▶ [Given records]
(* Let $\Gamma$ be a competitive population network game, $\beta>0$, $\lambda\ge0$, and let $\sigma^2_{js}\ge0$ ($j\in V$, $s\in S_j$) be the initial variances of the belief components of an initially heterogeneous system. Then $\Gamma$ has a unique QRE $\mathbf{x}^\ast$, and every solution of the mean belief dynamics $$\frac{d\bar{\mu}_{is}}{dt}=\frac{f_{i,s}(\bar{\boldsymbol{\mu}})-\bar{\mu}_{is}}{\lambda+t+1}+\frac{\sum_{j\in V_i}\sum_{s'\in S_j}\frac{\partial^2 f_{i,s}}{\partial\mu_{js'}^2}(\bar{\boldsymbol{\mu}})\,\mathrm{Var}(\mu_{js'})(t)}{2(\lambda+t+1)},\qquad \mathrm{Var}(\mu_{js'})(t)=\Big(\tfrac{\lambda+1}{\lambda+t+1}\Big)^2\sigma^2_{js'},$$ ($i\in V$, $s\in S_i$) with initial mean beliefs $\bar{\boldsymbol{\mu}}(0)\in\prod_{i\in V}\Delta_i$ converges to $\mathbf{x}^\ast$ as $t\to\infty$.
   Context: A population network game $\Gamma$ consists of a finite undirected graph with vertex set $V=\{1,\dots,n\}$ (populations) and edge set $E$; $V_i=\{j:\{i,j\}\in E\}$. Population $i$ has finite strategy set $S_i$, $\Delta_i\subset\mathbb{R}^{|S_i|}$ is the probability simplex, and each edge $\{i,j\}$ carries payoff matrices $\mathbf{A}_{ij}\in\mathbb{R}^{|S_i|\times|S_j|}$, $\mathbf{A}_{ji}\in\mathbb{R}^{|S_j|\times|S_i|}$. With $r_i(\mathbf{x})=\sum_{j\in V_i}\mathbf{x}_i^\top\mathbf{A}_{ij}\mathbf{x}_j$, $\Gamma$ is competitive (weighted zero-sum) if there exist $\omega_i>0$ with $\sum_{i\in V}\omega_ir_i(\mathbf{x})=0$ for all $\mathbf{x}\in\prod_i\Delta_i$. The logit choice function is $f_{i,s}(\{\boldsymbol{\mu}_j\}_{j\in V_i})=\exp\big(\beta\sum_{j\in V_i}\mathbf{e}_s^\top\mathbf{A}_{ij}\boldsymbol{\mu}_j\big)/\sum_{s'\in S_i}\exp\big(\beta\sum_{j\in V_i}\mathbf{e}_{s'}^\top\mathbf{A}_{ij}\boldsymbol{\mu}_j\big)$ ($\mathbf{e}_s$ the $s$-th unit vector), viewed as a smooth function on $\prod_{j\in V_i}\mathbb{R}^{|S_j|}$; $f_{i,s}(\bar{\boldsymbol{\mu}})$ means $f_{i,s}(\{\bar{\boldsymbol{\mu}}_j\}_{j\in V_i})$. A QRE is $\mathbf{x}^\ast\in\prod_i\Delta_i$ with $x^\ast_{is}=f_{i,s}(\{\mathbf{x}^\ast_j\}_{j\in V_i})$ for all $i,s$. In an initially heterogeneous system, $\bar{\boldsymbol{\mu}}_j$ is the mean belief about population $j$ across the system and $\mathrm{Var}(\mu_{js'})$ the variance of the belief component $\mu_{js'}$. *)

theory Defs
  imports "HOL-Analysis.Analysis"
begin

▶ [Exercise]
Write every entry out again. Leave each one exactly as it is.

▶ [Task output]
(* Let $\Gamma$ be a competitive population network game, $\beta>0$, $\lambda\ge0$, and let $\sigma^2_{js}\ge0$ ($j\in V$, $s\in S_j$) be the initial variances of the belief components of an initially heterogeneous system. Then $\Gamma$ has a unique QRE $\mathbf{x}^\ast$, and every solution of the mean belief dynamics $$\frac{d\bar{\mu}_{is}}{dt}=\frac{f_{i,s}(\bar{\boldsymbol{\mu}})-\bar{\mu}_{is}}{\lambda+t+1}+\frac{\sum_{j\in V_i}\sum_{s'\in S_j}\frac{\partial^2 f_{i,s}}{\partial\mu_{js'}^2}(\bar{\boldsymbol{\mu}})\,\mathrm{Var}(\mu_{js'})(t)}{2(\lambda+t+1)},\qquad \mathrm{Var}(\mu_{js'})(t)=\Big(\tfrac{\lambda+1}{\lambda+t+1}\Big)^2\sigma^2_{js'},$$ ($i\in V$, $s\in S_i$) with initial mean beliefs $\bar{\boldsymbol{\mu}}(0)\in\prod_{i\in V}\Delta_i$ converges to $\mathbf{x}^\ast$ as $t\to\infty$.
   Context: A population network game $\Gamma$ consists of a finite undirected graph with vertex set $V=\{1,\dots,n\}$ (populations) and edge set $E$; $V_i=\{j:\{i,j\}\in E\}$. Population $i$ has finite strategy set $S_i$, $\Delta_i\subset\mathbb{R}^{|S_i|}$ is the probability simplex, and each edge $\{i,j\}$ carries payoff matrices $\mathbf{A}_{ij}\in\mathbb{R}^{|S_i|\times|S_j|}$, $\mathbf{A}_{ji}\in\mathbb{R}^{|S_j|\times|S_i|}$. With $r_i(\mathbf{x})=\sum_{j\in V_i}\mathbf{x}_i^\top\mathbf{A}_{ij}\mathbf{x}_j$, $\Gamma$ is competitive (weighted zero-sum) if there exist $\omega_i>0$ with $\sum_{i\in V}\omega_ir_i(\mathbf{x})=0$ for all $\mathbf{x}\in\prod_i\Delta_i$. The logit choice function is $f_{i,s}(\{\boldsymbol{\mu}_j\}_{j\in V_i})=\exp\big(\beta\sum_{j\in V_i}\mathbf{e}_s^\top\mathbf{A}_{ij}\boldsymbol{\mu}_j\big)/\sum_{s'\in S_i}\exp\big(\beta\sum_{j\in V_i}\mathbf{e}_{s'}^\top\mathbf{A}_{ij}\boldsymbol{\mu}_j\big)$ ($\mathbf{e}_s$ the $s$-th unit vector), viewed as a smooth function on $\prod_{j\in V_i}\mathbb{R}^{|S_j|}$; $f_{i,s}(\bar{\boldsymbol{\mu}})$ means $f_{i,s}(\{\bar{\boldsymbol{\mu}}_j\}_{j\in V_i})$. A QRE is $\mathbf{x}^\ast\in\prod_i\Delta_i$ with $x^\ast_{is}=f_{i,s}(\{\mathbf{x}^\ast_j\}_{j\in V_i})$ for all $i,s$. In an initially heterogeneous system, $\bar{\boldsymbol{\mu}}_j$ is the mean belief about population $j$ across the system and $\mathrm{Var}(\mu_{js'})$ the variance of the belief component $\mu_{js'}$. *)

theory Defs
  imports "HOL-Analysis.Analysis"
begin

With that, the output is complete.